■ DATASET
■ ■ ■ ■ ■ ■ ■

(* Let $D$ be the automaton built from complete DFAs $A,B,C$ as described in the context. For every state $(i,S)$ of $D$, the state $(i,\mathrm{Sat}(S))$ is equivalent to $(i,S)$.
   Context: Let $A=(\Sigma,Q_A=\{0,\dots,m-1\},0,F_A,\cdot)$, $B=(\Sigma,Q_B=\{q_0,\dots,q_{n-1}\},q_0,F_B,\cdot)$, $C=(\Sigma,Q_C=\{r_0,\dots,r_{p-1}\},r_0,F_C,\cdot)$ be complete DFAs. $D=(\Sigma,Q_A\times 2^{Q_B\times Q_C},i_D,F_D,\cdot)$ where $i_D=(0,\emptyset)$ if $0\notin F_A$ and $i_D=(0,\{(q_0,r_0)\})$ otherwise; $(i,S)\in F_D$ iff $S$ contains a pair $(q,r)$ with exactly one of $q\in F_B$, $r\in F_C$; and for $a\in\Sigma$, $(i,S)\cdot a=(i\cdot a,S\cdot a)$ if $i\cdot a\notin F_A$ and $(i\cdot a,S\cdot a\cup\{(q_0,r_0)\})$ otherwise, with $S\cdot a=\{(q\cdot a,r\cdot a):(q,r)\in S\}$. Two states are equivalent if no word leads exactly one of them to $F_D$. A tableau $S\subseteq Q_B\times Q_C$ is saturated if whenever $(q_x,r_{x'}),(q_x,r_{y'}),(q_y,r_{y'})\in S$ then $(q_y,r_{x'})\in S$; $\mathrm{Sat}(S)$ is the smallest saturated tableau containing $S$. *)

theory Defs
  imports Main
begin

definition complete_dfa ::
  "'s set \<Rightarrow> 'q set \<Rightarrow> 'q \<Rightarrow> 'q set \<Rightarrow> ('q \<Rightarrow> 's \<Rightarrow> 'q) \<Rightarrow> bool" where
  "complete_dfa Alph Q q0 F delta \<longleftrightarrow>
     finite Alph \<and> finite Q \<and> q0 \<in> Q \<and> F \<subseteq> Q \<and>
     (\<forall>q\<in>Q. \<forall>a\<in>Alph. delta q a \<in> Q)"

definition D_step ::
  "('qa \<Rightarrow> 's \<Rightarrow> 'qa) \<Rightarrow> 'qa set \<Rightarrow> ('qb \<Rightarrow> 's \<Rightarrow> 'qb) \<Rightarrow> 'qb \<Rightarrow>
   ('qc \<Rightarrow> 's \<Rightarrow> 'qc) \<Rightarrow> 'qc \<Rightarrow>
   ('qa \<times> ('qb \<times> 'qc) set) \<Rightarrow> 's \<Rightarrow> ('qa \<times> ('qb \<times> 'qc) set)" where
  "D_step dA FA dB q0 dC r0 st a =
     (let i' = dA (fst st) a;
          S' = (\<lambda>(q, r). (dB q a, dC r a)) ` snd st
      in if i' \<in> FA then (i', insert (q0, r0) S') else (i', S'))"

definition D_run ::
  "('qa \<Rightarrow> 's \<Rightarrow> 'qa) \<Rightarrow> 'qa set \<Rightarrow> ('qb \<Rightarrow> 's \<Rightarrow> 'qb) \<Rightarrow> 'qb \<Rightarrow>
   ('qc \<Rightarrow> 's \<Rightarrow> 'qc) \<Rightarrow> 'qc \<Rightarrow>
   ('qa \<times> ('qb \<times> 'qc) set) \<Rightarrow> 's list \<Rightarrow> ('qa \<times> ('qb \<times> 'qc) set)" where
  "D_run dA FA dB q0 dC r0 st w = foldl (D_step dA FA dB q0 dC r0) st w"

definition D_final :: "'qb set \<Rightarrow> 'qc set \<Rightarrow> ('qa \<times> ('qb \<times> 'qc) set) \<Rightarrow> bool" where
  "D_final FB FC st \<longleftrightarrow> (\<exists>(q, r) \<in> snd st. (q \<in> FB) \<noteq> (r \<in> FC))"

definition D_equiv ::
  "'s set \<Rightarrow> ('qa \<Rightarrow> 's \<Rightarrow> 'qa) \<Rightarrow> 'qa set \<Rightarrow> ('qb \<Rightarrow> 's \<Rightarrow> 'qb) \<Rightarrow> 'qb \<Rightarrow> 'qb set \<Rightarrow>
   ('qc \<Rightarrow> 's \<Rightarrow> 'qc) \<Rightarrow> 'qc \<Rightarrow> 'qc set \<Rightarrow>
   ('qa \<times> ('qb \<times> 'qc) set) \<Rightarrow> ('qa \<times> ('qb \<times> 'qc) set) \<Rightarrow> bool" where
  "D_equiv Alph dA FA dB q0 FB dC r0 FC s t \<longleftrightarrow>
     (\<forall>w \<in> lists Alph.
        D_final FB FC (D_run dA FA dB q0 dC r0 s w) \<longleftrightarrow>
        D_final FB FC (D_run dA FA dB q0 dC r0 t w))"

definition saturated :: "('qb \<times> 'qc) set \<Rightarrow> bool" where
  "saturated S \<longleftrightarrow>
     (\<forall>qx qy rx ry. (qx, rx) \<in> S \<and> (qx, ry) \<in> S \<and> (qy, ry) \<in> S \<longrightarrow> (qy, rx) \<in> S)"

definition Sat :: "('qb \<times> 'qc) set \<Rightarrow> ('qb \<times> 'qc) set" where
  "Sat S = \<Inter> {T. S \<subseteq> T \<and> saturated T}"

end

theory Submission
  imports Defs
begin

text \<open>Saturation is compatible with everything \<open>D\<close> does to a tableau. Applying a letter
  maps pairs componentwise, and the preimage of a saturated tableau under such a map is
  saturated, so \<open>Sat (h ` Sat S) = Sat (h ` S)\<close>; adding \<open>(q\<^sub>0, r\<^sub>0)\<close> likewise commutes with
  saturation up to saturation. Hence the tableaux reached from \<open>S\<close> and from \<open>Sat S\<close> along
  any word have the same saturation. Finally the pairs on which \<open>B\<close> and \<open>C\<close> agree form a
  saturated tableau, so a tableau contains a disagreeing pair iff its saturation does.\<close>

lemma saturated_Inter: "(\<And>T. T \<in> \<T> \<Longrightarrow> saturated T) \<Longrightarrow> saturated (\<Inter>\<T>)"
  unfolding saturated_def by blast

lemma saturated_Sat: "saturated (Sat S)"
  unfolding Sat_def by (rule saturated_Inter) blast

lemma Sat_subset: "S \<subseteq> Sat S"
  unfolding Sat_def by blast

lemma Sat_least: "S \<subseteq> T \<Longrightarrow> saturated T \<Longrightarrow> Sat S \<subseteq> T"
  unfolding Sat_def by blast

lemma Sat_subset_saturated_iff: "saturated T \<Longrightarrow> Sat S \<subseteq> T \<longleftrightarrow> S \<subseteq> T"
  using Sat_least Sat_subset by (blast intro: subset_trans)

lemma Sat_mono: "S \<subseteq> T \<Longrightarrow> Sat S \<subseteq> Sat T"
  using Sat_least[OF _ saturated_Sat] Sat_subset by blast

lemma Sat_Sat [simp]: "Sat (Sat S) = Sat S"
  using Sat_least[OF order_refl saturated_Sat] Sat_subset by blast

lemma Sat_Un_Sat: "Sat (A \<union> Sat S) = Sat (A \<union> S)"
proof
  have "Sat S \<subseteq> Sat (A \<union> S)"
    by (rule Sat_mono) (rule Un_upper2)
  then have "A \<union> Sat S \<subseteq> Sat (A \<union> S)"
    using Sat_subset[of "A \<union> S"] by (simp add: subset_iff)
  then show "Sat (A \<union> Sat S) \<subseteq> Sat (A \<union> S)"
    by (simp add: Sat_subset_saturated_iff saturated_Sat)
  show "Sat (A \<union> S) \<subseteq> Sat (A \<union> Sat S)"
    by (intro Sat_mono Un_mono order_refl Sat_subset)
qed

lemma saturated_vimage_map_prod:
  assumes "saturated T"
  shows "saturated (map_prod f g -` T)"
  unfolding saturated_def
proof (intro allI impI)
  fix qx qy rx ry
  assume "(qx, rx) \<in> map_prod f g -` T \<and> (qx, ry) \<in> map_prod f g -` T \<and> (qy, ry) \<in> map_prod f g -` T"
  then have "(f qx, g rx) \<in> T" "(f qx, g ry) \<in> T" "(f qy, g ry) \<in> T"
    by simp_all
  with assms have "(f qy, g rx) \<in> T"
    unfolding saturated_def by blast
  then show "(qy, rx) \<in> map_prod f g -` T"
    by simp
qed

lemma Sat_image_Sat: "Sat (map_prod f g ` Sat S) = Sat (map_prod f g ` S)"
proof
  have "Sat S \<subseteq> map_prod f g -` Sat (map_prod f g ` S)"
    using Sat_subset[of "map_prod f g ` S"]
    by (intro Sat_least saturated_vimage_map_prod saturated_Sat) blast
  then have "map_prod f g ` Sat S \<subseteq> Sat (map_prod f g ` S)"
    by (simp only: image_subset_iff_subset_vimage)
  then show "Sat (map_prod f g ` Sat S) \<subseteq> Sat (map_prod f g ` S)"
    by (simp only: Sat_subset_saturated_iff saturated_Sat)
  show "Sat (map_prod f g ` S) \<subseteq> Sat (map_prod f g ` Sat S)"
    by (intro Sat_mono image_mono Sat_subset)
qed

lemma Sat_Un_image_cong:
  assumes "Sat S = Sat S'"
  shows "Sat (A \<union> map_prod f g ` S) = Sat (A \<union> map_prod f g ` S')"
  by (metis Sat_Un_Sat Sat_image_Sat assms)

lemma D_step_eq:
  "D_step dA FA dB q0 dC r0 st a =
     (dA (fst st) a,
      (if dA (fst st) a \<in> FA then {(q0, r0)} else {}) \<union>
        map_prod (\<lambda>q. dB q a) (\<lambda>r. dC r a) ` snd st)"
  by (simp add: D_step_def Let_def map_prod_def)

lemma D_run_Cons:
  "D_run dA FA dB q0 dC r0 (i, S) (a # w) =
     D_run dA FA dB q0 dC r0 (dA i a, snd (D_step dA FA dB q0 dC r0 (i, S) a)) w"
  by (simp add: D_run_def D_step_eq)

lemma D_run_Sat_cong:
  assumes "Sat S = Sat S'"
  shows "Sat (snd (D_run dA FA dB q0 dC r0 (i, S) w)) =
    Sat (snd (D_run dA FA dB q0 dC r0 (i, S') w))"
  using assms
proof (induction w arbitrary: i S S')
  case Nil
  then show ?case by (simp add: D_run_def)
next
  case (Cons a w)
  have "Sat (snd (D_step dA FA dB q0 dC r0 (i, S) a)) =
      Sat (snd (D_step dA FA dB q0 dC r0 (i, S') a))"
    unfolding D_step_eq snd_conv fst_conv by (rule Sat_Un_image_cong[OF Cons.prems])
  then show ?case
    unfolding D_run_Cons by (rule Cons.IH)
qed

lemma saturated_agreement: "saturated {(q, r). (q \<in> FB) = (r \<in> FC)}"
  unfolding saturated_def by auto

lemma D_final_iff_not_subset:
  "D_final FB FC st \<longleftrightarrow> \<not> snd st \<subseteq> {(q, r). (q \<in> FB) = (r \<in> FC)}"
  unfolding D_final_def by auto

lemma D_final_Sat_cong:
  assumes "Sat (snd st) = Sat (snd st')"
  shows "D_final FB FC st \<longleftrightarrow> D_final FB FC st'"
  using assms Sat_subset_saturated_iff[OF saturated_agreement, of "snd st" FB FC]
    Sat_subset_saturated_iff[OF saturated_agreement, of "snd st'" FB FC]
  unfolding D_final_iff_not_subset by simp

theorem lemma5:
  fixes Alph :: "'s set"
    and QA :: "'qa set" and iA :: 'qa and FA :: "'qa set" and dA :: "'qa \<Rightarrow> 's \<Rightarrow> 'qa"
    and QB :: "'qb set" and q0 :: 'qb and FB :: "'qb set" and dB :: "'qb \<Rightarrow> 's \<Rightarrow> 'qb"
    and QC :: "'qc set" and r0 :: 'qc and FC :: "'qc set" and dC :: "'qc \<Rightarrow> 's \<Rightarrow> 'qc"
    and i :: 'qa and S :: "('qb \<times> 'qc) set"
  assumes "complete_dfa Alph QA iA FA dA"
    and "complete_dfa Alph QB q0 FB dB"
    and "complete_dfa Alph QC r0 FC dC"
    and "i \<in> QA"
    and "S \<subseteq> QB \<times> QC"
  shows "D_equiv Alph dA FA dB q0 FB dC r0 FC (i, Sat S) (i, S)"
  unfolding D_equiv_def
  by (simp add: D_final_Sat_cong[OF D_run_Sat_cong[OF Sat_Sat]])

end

■ ■ ■ ■ ■ ■ ■

■ WHAT IS NEEDED
Say how many lines contain "case" in the material above; the number is the whole answer.

■ COMPLETED EXERCISE
4